THE TASK >>
Check the records below line by line for the string "sublattice". Give the number of lines that contain it and nothing else.
*** PROVIDED ENTRIES ***
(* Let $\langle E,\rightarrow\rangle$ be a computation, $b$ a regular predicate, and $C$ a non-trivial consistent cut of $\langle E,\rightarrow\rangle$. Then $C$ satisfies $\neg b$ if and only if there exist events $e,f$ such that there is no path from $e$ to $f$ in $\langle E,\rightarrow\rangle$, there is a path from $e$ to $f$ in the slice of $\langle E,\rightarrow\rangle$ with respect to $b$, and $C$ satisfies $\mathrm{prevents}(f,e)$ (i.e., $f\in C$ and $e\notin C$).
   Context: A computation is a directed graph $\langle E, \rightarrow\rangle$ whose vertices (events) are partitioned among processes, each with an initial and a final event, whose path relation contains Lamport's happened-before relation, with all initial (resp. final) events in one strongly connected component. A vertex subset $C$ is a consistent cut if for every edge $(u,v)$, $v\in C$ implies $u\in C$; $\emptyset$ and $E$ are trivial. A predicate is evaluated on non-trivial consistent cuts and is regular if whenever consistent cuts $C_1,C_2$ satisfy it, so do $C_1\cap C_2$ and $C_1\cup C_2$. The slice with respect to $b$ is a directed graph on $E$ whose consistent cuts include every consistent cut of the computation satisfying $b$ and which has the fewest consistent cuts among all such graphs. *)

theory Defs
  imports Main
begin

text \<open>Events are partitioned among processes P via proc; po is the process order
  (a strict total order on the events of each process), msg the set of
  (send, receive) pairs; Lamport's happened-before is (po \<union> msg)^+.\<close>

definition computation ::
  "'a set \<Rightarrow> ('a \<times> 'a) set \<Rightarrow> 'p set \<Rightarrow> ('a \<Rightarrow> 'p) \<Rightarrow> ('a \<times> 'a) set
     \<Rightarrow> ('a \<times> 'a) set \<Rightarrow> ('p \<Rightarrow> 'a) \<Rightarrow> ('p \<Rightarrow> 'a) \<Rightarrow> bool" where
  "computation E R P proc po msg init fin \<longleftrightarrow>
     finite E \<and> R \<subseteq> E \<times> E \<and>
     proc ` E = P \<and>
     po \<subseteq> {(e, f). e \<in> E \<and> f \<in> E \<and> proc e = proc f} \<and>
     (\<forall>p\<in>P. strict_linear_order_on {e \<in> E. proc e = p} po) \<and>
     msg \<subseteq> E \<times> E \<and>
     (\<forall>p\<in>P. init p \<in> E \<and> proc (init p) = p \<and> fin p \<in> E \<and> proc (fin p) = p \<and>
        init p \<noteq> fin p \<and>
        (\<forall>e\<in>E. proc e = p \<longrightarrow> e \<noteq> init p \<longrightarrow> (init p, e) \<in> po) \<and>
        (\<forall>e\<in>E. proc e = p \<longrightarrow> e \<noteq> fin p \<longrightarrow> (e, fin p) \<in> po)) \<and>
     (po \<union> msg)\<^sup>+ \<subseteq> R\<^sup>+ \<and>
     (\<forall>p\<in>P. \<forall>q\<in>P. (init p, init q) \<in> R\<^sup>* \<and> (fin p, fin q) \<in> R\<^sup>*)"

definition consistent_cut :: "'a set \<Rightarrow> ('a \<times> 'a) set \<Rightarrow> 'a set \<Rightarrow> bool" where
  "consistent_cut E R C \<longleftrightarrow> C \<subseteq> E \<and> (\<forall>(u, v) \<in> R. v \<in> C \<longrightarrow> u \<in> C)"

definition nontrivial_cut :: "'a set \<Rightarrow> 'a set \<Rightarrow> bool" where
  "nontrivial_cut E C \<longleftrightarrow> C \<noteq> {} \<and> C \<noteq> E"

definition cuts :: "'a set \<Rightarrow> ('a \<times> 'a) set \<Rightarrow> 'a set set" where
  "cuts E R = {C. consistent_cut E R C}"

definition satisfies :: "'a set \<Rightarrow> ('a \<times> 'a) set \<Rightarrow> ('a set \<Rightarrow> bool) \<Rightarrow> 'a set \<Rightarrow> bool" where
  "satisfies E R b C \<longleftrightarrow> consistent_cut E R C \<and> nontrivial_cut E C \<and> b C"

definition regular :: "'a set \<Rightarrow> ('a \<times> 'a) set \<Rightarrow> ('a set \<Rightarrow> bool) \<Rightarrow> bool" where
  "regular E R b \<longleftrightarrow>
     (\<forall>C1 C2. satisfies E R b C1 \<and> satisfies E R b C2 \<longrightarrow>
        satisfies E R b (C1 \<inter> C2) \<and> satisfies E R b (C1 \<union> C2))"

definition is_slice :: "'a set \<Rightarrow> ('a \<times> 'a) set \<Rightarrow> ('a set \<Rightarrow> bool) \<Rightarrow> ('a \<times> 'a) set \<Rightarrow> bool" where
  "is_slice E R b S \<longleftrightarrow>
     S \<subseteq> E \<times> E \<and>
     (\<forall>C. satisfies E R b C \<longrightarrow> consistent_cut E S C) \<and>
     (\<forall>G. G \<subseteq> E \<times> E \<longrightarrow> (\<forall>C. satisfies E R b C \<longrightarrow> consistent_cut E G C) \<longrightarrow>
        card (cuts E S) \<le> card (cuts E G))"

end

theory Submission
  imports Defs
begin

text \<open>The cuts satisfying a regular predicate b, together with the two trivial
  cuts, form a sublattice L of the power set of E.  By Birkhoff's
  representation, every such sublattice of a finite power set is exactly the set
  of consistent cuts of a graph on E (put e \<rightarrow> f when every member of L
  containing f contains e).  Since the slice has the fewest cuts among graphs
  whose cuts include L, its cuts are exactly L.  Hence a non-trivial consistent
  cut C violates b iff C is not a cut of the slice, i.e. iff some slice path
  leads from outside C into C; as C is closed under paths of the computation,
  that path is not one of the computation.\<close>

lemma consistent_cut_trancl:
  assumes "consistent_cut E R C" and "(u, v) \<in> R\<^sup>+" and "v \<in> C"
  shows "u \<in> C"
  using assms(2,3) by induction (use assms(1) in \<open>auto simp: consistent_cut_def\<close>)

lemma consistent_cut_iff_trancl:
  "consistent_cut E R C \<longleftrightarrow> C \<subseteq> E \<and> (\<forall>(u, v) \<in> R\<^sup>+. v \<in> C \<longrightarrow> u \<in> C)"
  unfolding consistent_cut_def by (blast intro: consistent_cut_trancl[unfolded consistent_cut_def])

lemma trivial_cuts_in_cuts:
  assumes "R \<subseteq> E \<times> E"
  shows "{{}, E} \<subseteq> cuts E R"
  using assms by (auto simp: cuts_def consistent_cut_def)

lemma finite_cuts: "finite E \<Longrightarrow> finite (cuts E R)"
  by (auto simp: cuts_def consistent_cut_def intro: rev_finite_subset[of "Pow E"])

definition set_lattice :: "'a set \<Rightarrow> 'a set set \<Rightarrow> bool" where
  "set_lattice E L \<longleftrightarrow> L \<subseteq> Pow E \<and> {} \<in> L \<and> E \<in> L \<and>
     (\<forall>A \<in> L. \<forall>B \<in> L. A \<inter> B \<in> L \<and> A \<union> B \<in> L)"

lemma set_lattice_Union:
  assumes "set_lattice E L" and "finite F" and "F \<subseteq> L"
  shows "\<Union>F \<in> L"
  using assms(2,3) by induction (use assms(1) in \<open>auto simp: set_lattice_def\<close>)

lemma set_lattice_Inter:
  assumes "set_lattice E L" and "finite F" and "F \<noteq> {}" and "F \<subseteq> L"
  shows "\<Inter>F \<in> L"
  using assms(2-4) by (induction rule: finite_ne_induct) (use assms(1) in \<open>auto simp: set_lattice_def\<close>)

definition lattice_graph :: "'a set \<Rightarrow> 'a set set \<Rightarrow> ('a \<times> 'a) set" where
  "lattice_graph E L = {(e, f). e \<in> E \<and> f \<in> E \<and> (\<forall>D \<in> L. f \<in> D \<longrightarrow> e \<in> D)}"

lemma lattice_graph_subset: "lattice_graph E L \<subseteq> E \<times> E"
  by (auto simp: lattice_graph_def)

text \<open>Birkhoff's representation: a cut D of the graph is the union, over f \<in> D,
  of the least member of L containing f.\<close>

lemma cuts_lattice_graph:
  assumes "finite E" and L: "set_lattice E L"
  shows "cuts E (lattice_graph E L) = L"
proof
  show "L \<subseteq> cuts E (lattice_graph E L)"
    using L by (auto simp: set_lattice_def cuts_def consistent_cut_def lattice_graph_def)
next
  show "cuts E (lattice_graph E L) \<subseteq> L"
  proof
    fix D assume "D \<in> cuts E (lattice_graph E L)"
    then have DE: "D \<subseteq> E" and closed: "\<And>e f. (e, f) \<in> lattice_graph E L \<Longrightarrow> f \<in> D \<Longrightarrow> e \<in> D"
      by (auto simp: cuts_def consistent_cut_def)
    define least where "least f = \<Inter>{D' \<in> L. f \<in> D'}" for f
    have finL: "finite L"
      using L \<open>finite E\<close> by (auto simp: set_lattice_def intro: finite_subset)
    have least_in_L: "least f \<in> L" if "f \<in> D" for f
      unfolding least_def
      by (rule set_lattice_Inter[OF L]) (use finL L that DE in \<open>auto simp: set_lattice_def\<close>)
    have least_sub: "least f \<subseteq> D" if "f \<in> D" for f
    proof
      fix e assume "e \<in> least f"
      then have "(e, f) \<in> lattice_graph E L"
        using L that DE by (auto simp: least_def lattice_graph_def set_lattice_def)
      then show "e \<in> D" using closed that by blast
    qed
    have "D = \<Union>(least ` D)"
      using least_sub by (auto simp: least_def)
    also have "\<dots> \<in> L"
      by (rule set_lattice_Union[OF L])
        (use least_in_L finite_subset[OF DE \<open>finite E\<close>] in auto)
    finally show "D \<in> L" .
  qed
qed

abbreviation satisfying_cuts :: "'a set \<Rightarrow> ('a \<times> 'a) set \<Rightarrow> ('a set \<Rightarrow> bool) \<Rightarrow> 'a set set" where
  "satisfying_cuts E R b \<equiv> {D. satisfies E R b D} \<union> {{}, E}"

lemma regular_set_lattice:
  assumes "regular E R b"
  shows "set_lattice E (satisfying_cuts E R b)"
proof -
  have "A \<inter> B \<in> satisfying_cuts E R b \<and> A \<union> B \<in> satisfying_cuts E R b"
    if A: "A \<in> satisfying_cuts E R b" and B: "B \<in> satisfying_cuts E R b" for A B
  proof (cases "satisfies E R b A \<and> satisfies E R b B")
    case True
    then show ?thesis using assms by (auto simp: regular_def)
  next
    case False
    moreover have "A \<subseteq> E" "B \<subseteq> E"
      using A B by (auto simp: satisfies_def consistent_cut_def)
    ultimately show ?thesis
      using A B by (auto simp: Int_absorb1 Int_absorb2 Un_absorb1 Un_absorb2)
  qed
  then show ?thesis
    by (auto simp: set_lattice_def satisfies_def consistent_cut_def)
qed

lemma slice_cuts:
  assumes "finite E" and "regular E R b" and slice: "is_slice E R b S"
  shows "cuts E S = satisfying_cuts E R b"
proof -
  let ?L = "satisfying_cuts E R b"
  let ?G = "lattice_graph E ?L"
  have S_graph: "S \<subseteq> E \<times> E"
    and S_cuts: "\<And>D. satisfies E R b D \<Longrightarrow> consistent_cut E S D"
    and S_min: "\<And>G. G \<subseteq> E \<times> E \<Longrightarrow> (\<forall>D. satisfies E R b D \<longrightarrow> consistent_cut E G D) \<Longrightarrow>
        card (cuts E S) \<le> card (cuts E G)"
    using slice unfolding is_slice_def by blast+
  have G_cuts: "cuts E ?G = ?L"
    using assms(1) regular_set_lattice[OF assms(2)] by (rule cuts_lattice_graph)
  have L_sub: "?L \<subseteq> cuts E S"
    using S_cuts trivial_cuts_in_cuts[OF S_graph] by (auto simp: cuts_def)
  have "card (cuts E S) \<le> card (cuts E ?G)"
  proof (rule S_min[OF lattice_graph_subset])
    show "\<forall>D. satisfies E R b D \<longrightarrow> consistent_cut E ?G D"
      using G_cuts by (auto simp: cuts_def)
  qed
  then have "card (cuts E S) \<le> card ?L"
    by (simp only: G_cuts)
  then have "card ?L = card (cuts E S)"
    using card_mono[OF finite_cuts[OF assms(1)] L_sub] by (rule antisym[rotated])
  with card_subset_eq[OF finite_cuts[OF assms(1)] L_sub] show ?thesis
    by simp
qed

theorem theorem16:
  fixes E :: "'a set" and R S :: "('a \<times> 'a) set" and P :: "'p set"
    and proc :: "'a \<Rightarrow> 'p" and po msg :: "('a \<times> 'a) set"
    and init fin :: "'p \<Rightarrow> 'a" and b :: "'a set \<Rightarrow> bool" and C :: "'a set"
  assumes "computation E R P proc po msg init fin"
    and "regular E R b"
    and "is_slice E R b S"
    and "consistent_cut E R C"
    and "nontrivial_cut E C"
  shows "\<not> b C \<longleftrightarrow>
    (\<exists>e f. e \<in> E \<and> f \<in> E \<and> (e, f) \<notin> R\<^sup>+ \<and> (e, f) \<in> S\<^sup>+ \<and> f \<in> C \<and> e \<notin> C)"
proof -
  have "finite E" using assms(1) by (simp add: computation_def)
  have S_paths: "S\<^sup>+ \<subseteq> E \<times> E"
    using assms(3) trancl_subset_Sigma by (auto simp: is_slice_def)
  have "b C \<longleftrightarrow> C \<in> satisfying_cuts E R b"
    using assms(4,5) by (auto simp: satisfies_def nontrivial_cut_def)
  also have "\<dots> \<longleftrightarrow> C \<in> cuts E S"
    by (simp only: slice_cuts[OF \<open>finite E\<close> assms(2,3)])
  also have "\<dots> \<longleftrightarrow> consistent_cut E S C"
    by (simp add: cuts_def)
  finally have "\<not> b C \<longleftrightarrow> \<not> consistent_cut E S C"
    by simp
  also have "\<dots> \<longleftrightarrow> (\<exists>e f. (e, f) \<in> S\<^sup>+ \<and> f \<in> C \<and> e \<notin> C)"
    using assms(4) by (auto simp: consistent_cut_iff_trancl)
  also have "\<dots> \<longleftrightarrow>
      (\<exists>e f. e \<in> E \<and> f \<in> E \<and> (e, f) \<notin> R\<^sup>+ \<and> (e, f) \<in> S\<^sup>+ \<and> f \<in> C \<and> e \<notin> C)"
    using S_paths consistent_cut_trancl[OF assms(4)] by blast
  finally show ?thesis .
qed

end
*** End of PROVIDED ENTRIES ***
WORKED SOLUTION >>
2